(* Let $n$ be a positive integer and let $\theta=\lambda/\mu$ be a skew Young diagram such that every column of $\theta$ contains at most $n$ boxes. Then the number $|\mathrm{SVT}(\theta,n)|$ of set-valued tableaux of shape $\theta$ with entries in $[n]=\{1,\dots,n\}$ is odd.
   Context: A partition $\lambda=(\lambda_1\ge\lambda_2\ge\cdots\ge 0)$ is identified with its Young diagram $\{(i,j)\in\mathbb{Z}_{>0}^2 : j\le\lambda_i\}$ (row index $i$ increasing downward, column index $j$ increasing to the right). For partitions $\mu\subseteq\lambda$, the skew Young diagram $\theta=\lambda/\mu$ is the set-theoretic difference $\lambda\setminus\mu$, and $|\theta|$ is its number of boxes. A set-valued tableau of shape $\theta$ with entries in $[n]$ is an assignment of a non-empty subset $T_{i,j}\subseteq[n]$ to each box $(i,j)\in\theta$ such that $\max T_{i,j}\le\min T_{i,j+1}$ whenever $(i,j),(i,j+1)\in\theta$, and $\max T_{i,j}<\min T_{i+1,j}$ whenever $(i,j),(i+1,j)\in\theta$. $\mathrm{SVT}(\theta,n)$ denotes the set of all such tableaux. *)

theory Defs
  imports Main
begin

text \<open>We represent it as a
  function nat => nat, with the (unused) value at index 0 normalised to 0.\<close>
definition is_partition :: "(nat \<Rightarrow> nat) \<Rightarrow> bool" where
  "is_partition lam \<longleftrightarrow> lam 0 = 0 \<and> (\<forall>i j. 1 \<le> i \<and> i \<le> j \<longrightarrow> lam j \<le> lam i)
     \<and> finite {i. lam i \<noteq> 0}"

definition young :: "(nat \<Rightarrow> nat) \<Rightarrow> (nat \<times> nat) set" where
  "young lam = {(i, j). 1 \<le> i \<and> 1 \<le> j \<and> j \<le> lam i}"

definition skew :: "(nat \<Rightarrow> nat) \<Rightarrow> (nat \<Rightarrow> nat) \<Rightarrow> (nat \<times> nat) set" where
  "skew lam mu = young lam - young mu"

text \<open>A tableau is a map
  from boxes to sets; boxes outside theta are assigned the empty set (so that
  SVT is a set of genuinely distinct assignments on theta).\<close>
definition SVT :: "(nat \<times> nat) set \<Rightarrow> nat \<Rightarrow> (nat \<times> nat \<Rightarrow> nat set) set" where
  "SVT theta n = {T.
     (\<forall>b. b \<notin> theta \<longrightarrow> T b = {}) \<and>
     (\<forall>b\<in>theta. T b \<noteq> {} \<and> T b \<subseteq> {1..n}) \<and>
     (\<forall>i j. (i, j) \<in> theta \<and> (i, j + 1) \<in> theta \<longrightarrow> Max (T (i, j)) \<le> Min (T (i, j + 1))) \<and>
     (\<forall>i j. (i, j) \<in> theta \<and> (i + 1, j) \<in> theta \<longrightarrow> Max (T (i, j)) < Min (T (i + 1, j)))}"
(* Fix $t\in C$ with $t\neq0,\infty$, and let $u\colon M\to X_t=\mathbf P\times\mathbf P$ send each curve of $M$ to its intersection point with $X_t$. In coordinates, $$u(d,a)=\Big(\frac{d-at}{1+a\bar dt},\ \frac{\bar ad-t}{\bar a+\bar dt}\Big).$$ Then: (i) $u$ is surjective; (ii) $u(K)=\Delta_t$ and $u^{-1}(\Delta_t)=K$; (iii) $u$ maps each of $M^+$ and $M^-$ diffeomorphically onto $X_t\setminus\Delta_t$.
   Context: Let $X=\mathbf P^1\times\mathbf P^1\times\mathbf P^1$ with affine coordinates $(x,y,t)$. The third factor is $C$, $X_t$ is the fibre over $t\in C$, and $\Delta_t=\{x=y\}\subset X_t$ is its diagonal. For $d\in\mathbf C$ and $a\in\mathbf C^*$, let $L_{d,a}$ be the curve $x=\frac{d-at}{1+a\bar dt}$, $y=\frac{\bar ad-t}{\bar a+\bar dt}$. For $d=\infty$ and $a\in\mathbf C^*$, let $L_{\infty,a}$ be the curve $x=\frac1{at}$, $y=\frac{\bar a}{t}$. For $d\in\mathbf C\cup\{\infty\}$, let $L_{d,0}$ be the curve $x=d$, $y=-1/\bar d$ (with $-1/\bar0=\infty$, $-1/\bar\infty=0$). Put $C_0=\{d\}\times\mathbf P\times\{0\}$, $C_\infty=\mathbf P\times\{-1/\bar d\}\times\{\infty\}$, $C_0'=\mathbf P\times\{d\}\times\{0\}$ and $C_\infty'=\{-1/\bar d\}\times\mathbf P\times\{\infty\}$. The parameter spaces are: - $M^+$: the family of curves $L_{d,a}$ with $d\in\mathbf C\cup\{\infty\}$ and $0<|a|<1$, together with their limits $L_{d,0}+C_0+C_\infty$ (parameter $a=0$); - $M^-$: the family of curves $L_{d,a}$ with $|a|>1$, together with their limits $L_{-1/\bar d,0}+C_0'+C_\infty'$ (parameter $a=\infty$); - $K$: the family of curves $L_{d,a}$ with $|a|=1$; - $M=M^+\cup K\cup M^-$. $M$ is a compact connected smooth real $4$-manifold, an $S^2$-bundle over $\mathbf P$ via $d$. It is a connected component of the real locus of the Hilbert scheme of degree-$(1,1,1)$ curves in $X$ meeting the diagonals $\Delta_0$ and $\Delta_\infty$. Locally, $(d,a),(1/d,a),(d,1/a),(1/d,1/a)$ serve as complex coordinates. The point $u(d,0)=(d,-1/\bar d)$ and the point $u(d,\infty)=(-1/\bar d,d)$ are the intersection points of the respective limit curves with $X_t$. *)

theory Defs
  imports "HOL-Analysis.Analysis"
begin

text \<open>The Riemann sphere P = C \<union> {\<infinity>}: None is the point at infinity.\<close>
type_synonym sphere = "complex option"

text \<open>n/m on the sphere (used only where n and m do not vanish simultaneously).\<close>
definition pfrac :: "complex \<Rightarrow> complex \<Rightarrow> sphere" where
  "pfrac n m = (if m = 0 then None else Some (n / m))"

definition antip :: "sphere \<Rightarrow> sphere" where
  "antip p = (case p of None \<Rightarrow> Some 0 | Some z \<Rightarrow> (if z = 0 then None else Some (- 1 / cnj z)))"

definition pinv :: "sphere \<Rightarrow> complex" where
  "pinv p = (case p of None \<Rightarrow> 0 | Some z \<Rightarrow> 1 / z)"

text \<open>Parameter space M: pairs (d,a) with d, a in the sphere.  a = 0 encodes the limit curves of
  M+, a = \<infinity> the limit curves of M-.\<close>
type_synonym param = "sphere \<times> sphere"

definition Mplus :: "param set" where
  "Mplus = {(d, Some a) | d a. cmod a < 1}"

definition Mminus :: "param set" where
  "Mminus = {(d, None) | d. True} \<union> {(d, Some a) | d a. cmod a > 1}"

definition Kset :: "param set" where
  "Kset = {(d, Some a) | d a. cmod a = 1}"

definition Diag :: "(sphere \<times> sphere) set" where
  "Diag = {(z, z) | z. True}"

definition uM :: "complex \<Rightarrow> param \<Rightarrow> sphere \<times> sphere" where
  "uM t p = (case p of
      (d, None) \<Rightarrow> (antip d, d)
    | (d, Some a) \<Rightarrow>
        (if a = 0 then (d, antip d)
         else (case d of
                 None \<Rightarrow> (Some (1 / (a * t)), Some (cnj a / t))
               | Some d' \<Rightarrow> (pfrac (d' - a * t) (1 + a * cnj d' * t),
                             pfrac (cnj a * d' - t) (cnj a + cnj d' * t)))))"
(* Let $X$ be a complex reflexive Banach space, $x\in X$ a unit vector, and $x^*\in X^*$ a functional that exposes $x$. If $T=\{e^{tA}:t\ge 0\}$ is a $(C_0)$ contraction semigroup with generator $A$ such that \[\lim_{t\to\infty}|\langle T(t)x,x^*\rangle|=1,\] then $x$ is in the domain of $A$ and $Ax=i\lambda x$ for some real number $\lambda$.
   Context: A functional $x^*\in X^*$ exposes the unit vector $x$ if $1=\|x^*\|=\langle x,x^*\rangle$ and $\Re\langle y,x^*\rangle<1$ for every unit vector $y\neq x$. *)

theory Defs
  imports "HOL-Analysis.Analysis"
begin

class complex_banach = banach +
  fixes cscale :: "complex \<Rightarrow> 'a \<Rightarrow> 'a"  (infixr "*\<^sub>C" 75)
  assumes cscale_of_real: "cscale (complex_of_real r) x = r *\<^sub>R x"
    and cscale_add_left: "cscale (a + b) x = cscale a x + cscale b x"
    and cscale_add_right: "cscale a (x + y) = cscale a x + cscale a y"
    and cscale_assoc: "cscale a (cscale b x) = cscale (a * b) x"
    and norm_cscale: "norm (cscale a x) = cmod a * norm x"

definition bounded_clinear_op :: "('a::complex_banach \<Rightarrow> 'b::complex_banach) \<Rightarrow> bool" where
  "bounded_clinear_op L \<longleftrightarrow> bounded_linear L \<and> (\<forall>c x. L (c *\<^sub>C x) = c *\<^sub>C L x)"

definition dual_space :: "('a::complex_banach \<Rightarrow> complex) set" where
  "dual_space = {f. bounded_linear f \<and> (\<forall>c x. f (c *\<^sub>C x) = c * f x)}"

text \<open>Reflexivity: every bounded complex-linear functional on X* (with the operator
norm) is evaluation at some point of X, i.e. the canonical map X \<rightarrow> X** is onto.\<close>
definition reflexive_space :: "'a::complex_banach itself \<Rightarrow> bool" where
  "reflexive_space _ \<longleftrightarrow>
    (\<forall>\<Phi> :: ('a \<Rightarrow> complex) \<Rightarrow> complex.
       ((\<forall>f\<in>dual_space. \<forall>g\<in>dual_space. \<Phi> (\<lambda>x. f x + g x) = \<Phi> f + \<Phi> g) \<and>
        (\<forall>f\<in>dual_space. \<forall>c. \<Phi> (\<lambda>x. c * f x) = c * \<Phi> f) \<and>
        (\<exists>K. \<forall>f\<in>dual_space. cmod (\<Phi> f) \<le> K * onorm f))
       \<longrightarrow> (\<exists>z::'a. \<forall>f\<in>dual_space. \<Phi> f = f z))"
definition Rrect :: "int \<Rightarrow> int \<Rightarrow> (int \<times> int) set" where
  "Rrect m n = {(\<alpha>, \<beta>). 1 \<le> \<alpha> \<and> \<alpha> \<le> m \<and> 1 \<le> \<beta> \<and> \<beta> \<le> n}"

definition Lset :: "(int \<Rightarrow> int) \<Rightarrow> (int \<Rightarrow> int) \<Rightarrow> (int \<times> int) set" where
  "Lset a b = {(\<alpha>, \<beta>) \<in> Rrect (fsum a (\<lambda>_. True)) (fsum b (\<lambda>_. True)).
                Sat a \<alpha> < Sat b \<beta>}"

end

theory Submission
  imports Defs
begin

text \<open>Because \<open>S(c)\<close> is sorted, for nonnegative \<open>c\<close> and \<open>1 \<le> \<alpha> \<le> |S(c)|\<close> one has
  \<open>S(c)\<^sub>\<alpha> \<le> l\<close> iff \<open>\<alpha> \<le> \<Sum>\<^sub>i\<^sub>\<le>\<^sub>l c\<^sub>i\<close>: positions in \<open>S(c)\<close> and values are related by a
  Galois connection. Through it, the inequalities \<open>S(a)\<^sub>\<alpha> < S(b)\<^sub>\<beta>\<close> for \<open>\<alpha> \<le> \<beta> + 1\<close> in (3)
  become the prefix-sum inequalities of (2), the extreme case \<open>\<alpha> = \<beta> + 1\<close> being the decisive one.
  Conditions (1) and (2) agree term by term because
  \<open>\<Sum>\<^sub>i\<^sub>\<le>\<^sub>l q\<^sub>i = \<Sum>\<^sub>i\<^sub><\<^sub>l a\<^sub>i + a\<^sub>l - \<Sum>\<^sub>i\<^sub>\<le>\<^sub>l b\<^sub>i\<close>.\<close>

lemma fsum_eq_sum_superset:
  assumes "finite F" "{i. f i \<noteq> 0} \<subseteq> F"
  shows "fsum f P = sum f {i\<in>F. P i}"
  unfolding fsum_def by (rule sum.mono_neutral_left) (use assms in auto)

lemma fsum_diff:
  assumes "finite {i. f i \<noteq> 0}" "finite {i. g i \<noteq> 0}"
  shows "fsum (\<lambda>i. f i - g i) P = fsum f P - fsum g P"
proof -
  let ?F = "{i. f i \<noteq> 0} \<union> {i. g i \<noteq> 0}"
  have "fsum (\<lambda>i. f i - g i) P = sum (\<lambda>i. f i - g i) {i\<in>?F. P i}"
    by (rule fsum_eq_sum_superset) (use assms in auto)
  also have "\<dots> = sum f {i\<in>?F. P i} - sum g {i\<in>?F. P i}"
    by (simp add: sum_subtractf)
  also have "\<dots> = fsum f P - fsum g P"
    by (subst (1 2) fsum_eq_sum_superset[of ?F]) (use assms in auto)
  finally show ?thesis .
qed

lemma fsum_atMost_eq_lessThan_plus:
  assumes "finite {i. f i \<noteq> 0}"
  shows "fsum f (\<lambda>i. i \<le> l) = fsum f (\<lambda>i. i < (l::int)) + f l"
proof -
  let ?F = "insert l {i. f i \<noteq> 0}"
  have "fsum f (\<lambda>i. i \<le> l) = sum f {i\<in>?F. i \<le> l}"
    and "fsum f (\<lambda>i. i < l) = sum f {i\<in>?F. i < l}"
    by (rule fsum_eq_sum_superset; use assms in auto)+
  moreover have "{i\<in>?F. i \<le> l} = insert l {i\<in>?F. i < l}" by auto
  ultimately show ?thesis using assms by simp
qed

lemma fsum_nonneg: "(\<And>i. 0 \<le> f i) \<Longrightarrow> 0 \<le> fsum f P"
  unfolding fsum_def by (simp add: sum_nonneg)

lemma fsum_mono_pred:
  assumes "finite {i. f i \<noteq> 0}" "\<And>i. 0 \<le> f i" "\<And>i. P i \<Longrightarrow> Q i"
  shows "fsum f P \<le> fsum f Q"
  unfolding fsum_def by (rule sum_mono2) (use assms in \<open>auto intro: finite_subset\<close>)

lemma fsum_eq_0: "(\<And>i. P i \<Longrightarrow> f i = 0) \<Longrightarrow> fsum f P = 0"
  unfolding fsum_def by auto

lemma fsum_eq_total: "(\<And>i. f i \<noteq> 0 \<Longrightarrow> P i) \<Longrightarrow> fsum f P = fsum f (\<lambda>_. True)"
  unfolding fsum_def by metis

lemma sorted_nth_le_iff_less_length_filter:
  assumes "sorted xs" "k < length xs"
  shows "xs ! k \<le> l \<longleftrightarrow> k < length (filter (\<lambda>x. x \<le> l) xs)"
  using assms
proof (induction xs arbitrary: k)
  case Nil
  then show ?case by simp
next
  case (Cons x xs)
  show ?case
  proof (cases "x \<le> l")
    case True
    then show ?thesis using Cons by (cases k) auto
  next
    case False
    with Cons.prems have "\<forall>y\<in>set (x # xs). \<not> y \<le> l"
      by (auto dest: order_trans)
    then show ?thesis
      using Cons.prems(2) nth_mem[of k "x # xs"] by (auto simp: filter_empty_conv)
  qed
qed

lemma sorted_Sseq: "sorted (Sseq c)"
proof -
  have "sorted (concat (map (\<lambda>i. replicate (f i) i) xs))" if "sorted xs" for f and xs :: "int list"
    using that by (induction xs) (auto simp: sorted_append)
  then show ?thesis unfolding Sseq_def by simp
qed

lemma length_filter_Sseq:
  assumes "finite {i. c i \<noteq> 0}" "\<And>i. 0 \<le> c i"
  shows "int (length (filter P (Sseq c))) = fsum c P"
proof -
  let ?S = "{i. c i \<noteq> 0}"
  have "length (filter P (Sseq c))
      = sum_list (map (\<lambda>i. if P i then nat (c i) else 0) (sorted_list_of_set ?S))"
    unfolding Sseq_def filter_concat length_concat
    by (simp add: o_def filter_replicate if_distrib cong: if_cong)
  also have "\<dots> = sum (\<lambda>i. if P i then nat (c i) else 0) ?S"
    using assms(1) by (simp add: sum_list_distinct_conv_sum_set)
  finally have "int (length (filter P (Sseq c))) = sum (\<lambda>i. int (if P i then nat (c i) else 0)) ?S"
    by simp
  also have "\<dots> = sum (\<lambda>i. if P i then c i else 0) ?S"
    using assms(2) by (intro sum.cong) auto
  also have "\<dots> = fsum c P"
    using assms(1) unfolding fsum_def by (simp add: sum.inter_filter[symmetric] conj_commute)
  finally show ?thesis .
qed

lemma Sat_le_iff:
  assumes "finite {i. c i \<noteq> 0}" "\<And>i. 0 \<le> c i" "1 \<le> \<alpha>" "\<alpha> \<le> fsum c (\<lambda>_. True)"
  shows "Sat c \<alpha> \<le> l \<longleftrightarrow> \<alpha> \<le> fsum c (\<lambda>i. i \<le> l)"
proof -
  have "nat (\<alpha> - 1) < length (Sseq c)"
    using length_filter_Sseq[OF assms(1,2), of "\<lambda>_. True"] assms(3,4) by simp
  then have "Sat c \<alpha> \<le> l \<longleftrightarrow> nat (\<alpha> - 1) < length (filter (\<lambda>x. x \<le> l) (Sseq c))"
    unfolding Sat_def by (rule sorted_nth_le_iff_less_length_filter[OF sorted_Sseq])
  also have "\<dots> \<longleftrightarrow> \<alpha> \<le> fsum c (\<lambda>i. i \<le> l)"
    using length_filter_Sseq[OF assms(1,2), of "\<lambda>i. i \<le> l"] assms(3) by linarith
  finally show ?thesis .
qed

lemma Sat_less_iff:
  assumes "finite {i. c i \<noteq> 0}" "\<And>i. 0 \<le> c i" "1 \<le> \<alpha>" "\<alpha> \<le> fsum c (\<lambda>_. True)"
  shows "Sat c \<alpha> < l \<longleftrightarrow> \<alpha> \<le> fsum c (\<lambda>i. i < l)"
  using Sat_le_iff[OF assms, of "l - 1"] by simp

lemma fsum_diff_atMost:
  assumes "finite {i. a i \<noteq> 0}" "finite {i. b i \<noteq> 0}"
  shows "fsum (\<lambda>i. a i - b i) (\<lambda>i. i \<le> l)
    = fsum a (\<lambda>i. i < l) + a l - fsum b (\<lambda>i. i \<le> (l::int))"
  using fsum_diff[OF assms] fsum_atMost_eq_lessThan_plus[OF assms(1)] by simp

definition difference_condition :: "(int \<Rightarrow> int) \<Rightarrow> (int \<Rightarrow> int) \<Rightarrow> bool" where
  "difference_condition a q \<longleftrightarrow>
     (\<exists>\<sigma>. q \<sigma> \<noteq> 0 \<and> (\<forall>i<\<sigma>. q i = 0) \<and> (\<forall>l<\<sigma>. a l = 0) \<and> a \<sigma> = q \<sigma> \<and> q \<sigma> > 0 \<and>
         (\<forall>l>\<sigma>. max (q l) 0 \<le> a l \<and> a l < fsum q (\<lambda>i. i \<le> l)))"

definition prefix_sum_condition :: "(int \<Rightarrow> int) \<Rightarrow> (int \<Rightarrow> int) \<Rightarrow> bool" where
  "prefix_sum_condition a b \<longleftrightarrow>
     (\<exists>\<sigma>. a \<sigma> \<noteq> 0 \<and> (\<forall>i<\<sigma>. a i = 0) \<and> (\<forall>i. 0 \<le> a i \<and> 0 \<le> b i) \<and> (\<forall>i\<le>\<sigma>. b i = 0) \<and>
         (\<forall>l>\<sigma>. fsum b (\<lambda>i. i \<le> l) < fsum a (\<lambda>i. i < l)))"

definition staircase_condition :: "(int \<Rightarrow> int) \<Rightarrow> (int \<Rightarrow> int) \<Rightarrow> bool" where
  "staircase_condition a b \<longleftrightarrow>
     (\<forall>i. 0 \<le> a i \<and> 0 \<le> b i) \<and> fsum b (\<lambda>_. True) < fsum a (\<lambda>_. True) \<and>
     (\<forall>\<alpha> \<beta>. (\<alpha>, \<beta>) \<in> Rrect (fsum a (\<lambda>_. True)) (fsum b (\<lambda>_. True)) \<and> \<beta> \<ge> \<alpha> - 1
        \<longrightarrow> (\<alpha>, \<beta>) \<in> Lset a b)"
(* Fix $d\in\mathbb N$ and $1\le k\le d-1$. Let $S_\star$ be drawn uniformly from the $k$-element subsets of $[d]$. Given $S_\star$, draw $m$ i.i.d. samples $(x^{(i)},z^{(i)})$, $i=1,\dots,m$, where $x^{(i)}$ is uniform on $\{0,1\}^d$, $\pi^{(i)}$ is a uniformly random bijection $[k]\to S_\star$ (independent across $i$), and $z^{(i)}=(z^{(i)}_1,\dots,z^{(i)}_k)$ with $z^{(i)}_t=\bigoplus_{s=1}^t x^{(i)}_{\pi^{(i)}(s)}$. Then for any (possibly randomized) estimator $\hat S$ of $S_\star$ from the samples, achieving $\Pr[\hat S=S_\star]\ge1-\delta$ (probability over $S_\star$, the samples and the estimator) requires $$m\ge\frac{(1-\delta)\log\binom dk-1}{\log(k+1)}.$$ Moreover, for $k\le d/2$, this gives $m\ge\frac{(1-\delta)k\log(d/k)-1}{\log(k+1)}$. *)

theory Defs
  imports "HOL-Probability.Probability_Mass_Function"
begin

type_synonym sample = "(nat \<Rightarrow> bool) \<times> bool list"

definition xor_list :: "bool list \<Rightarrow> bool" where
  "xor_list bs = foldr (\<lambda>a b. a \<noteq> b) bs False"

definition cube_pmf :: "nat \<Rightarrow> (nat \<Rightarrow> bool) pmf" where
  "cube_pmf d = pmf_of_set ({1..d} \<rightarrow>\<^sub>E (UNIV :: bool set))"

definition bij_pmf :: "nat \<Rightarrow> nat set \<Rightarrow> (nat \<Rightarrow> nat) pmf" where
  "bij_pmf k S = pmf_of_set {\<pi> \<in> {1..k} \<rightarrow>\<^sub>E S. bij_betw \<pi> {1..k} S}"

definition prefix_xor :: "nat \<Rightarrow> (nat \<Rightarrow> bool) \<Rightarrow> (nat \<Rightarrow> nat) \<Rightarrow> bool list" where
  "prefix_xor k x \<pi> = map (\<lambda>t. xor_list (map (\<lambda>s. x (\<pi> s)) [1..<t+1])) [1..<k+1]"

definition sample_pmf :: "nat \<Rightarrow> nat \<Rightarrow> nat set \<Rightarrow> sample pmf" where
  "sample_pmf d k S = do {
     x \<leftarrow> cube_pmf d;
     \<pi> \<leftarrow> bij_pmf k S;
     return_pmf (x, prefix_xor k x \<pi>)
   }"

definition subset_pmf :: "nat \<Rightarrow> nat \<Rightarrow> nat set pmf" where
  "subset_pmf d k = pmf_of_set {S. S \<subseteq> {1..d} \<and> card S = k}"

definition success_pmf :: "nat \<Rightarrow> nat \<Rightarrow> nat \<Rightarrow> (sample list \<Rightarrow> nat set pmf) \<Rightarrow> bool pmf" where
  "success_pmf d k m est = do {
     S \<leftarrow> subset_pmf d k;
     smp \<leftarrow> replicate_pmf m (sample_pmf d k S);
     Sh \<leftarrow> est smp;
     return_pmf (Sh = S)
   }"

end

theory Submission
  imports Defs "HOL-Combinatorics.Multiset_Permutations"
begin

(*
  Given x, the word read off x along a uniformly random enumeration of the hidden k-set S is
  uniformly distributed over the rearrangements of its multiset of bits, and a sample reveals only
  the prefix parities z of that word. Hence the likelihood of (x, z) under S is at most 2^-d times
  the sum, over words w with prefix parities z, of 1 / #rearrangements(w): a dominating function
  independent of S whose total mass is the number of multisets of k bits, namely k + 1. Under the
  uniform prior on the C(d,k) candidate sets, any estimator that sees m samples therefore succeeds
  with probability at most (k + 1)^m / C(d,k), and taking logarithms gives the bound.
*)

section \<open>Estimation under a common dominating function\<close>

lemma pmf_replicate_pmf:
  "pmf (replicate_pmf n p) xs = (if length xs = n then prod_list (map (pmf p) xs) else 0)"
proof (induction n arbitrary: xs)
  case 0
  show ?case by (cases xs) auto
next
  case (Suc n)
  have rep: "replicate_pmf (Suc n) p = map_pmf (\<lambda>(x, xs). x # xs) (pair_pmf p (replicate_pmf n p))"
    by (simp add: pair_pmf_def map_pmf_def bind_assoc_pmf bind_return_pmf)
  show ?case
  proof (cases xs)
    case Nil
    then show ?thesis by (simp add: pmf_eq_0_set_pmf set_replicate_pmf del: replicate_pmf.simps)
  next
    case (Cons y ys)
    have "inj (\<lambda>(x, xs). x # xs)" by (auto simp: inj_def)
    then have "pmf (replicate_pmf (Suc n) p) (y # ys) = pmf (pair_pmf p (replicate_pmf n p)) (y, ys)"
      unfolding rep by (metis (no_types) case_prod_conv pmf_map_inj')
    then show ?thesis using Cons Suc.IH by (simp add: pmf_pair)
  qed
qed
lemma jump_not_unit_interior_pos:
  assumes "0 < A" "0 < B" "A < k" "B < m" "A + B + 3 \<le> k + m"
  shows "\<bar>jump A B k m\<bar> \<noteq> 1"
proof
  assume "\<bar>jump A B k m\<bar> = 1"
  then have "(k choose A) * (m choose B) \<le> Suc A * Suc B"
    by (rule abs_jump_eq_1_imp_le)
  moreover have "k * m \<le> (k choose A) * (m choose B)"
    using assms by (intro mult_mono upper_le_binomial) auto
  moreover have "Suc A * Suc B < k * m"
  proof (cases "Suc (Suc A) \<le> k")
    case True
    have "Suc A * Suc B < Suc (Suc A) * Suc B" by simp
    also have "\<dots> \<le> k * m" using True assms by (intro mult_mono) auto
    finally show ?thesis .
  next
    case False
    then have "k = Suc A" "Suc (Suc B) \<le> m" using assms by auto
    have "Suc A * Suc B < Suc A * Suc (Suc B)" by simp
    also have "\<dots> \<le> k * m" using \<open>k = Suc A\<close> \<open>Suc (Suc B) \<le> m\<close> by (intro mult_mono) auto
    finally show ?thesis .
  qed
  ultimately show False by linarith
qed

-*-

WORK INSTRUCTION:
Write down exactly the span of lines above from the one containing "lam i \<noteq>" to the one containing "text \<open>A tableau is a map", both ends included.

EXERCISE ANSWER:
     \<and> finite {i. lam i \<noteq> 0}"

definition young :: "(nat \<Rightarrow> nat) \<Rightarrow> (nat \<times> nat) set" where
  "young lam = {(i, j). 1 \<le> i \<and> 1 \<le> j \<and> j \<le> lam i}"

definition skew :: "(nat \<Rightarrow> nat) \<Rightarrow> (nat \<Rightarrow> nat) \<Rightarrow> (nat \<times> nat) set" where
  "skew lam mu = young lam - young mu"

text \<open>A tableau is a map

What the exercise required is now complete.